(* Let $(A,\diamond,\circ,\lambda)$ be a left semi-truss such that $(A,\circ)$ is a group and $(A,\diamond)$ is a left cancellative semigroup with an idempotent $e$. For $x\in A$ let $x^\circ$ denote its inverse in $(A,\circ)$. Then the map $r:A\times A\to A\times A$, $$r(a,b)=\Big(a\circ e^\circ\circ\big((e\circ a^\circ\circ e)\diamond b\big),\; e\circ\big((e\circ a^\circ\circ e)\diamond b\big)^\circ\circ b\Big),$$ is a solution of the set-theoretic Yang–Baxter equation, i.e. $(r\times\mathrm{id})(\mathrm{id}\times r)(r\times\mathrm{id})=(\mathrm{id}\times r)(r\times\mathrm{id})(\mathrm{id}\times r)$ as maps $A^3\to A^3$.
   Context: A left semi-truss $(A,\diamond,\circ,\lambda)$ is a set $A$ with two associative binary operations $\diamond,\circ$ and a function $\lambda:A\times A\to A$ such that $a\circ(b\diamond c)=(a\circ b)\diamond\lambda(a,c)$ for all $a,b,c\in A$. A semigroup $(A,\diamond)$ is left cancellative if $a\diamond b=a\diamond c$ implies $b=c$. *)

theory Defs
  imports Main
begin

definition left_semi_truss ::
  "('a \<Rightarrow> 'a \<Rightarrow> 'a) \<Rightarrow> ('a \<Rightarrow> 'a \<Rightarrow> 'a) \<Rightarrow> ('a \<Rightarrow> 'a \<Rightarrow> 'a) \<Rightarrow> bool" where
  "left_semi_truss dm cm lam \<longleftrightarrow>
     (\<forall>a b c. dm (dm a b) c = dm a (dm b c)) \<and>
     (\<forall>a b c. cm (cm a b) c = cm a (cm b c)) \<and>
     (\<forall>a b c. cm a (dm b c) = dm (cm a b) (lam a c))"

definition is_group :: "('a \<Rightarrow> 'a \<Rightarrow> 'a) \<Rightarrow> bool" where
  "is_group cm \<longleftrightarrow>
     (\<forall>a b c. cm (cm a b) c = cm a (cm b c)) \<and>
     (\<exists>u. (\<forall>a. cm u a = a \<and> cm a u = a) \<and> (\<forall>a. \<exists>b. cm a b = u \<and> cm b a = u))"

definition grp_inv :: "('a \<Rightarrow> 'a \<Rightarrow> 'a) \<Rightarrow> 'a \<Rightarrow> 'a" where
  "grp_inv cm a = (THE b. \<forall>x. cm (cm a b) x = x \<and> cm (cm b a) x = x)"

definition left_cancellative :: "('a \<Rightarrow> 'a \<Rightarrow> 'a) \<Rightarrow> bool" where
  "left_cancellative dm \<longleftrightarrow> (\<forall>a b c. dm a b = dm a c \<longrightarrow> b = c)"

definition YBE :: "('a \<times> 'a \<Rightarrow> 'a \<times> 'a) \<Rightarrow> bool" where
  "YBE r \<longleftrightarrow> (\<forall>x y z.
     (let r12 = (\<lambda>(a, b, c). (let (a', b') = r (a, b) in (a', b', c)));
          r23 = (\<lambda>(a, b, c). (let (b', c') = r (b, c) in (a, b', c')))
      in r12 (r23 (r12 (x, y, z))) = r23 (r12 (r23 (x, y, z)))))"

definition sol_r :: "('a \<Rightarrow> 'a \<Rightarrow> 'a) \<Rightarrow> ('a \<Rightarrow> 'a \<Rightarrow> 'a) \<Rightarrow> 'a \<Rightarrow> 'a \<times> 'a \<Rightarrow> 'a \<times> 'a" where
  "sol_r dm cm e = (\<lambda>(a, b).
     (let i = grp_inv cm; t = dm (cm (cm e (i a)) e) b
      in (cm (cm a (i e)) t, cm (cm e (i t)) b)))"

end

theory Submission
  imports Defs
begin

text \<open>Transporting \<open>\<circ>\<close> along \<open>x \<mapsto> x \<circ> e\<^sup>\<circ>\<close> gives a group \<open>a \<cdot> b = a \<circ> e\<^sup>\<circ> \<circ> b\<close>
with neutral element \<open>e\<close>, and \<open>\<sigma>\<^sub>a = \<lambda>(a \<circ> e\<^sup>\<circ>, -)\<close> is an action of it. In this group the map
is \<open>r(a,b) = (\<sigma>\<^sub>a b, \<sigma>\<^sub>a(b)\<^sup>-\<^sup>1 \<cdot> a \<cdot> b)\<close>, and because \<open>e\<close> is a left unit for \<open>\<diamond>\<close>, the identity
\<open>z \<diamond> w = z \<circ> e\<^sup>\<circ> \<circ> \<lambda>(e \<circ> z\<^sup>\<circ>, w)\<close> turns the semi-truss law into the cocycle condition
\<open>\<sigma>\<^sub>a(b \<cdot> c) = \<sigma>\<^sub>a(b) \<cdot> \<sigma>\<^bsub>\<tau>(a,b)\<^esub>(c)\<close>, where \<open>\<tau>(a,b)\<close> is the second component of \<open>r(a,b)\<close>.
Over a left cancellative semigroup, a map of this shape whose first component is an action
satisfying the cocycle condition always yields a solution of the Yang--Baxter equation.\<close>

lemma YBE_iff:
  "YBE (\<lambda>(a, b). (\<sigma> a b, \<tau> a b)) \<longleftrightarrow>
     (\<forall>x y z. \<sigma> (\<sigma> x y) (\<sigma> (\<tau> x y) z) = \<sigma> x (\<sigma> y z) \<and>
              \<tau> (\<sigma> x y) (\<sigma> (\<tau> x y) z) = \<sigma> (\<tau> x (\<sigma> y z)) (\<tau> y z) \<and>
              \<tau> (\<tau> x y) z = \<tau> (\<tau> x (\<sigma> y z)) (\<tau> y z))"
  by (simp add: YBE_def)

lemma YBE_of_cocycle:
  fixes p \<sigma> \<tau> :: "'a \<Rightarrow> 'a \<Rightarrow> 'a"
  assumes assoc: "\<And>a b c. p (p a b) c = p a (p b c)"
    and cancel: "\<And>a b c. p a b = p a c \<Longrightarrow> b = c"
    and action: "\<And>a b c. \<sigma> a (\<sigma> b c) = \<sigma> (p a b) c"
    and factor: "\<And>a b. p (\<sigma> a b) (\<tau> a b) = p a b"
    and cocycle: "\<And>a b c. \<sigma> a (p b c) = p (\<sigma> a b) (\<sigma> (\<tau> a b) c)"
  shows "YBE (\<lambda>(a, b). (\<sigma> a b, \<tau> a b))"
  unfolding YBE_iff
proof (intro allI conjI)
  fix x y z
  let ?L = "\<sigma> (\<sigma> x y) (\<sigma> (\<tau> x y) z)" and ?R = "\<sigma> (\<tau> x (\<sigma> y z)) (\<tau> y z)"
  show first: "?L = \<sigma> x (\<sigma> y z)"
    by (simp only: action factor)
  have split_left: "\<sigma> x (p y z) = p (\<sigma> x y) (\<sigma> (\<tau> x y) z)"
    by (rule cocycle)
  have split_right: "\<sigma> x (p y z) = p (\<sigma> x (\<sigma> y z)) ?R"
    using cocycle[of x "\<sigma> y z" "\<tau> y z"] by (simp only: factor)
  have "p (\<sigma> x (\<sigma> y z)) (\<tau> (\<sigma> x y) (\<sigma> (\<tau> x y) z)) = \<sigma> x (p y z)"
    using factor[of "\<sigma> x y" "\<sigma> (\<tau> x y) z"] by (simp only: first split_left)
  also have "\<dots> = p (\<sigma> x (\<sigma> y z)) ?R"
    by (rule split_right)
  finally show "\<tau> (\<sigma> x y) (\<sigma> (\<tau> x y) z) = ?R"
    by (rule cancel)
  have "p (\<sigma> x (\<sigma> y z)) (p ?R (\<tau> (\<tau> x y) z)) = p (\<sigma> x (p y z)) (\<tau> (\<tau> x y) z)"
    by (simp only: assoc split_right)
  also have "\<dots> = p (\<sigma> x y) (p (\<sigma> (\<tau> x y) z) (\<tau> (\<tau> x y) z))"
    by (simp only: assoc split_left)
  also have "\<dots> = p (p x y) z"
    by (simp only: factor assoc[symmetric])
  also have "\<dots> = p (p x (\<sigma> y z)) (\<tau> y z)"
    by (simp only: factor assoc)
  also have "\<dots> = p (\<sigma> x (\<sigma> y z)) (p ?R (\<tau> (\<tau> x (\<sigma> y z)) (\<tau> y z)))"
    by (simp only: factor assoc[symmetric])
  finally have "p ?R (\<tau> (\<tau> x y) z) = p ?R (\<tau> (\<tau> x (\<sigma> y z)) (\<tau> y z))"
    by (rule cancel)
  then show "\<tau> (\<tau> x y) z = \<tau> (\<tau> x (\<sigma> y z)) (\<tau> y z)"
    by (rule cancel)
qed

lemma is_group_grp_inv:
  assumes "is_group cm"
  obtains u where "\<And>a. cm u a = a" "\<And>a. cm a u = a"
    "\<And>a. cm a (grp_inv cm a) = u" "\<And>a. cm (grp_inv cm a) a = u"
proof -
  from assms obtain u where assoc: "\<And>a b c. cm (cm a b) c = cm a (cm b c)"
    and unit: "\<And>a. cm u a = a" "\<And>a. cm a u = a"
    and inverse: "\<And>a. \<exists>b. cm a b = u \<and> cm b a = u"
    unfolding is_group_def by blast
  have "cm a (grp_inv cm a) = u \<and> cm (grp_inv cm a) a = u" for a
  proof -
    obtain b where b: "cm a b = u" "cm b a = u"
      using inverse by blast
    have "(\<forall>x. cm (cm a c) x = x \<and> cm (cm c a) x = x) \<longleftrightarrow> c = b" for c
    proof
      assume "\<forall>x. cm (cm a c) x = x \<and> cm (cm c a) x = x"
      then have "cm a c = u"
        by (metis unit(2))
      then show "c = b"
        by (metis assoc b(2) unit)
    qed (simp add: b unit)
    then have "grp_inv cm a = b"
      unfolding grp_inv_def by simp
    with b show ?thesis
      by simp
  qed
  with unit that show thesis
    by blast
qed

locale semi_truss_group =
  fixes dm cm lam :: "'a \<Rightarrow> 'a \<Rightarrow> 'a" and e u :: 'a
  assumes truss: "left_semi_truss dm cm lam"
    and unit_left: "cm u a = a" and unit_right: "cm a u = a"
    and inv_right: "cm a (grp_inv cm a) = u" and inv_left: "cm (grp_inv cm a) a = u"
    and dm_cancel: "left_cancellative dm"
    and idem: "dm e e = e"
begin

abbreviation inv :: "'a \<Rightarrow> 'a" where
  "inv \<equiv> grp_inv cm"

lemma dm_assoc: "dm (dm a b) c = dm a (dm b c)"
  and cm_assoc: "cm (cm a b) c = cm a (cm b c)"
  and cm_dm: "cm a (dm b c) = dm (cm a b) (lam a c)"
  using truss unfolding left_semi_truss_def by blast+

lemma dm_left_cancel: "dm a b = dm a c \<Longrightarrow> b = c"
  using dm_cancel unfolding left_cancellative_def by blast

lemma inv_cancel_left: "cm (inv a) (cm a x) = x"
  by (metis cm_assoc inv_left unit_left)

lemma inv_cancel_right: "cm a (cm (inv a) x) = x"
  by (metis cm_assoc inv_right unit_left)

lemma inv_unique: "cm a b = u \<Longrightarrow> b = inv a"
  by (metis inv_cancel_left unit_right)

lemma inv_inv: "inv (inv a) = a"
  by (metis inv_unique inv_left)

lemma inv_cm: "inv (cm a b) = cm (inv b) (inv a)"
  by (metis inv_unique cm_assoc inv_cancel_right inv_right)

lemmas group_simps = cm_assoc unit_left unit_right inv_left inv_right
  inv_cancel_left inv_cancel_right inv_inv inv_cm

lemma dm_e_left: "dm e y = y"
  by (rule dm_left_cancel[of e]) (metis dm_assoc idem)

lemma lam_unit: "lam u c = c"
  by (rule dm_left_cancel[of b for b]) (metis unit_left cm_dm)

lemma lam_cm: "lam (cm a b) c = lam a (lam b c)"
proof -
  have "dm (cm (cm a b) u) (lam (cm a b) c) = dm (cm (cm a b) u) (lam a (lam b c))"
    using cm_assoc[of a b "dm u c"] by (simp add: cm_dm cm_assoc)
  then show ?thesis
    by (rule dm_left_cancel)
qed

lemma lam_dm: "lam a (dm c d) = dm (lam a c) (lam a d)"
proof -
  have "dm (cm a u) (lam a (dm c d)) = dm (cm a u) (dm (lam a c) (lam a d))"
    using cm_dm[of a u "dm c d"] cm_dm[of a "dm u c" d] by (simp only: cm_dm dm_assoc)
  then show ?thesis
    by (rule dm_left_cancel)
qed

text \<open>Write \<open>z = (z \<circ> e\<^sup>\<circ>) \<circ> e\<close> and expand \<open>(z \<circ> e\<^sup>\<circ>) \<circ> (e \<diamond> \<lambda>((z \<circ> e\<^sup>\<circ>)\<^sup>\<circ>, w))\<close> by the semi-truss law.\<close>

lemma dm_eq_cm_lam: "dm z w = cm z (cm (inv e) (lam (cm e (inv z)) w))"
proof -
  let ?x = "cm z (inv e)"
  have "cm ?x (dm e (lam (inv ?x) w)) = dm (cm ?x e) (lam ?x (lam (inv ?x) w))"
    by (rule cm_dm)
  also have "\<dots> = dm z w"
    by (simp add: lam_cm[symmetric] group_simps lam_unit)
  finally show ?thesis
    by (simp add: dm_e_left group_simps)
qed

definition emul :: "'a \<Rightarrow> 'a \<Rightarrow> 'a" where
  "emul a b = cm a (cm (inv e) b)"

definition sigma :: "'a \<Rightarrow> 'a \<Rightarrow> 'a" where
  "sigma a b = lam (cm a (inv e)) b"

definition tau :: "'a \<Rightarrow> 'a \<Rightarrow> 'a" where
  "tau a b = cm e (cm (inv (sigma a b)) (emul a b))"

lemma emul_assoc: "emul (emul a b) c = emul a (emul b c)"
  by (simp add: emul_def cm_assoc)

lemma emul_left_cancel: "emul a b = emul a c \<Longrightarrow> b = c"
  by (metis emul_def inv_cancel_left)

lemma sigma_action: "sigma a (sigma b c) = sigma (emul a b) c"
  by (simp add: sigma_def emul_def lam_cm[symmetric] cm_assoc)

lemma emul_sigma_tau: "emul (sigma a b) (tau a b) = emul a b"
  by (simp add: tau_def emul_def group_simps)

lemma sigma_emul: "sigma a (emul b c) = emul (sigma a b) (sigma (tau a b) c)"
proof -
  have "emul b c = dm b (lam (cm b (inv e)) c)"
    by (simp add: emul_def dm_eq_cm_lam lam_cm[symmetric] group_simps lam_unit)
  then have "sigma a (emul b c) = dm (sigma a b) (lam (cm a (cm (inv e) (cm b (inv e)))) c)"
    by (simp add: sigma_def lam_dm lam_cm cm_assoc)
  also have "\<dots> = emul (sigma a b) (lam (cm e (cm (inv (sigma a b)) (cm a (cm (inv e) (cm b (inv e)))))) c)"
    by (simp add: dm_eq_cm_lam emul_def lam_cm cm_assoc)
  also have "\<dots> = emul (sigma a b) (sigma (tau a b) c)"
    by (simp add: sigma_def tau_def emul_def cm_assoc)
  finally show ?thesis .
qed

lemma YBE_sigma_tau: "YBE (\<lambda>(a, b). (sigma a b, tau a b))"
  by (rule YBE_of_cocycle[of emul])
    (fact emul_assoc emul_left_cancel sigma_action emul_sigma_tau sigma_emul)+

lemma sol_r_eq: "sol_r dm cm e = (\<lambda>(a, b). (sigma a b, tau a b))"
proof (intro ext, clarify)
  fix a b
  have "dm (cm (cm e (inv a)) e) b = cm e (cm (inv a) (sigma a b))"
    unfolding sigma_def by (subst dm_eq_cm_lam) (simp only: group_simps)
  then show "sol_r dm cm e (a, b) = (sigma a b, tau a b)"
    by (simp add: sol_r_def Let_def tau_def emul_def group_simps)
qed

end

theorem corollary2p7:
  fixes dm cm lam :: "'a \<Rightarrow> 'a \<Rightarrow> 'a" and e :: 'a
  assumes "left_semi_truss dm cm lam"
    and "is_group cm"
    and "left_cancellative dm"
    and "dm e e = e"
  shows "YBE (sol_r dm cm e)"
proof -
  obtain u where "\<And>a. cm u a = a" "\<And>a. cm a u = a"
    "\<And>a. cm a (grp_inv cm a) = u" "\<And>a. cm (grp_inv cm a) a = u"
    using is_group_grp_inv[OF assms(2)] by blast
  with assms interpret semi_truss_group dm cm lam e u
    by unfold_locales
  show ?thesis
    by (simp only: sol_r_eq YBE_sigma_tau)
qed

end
※
## WHAT YOU NEED TO DO
When a line among the entries above contains "times", copy it.

## ANSWER FOR THE TASK
(* Let $(A,\diamond,\circ,\lambda)$ be a left semi-truss such that $(A,\circ)$ is a group and $(A,\diamond)$ is a left cancellative semigroup with an idempotent $e$. For $x\in A$ let $x^\circ$ denote its inverse in $(A,\circ)$. Then the map $r:A\times A\to A\times A$, $$r(a,b)=\Big(a\circ e^\circ\circ\big((e\circ a^\circ\circ e)\diamond b\big),\; e\circ\big((e\circ a^\circ\circ e)\diamond b\big)^\circ\circ b\Big),$$ is a solution of the set-theoretic Yang–Baxter equation, i.e. $(r\times\mathrm{id})(\mathrm{id}\times r)(r\times\mathrm{id})=(\mathrm{id}\times r)(r\times\mathrm{id})(\mathrm{id}\times r)$ as maps $A^3\to A^3$.
   Context: A left semi-truss $(A,\diamond,\circ,\lambda)$ is a set $A$ with two associative binary operations $\diamond,\circ$ and a function $\lambda:A\times A\to A$ such that $a\circ(b\diamond c)=(a\circ b)\diamond\lambda(a,c)$ for all $a,b,c\in A$. A semigroup $(A,\diamond)$ is left cancellative if $a\diamond b=a\diamond c$ implies $b=c$. *)
definition YBE :: "('a \<times> 'a \<Rightarrow> 'a \<times> 'a) \<Rightarrow> bool" where
definition sol_r :: "('a \<Rightarrow> 'a \<Rightarrow> 'a) \<Rightarrow> ('a \<Rightarrow> 'a \<Rightarrow> 'a) \<Rightarrow> 'a \<Rightarrow> 'a \<times> 'a \<Rightarrow> 'a \<times> 'a" where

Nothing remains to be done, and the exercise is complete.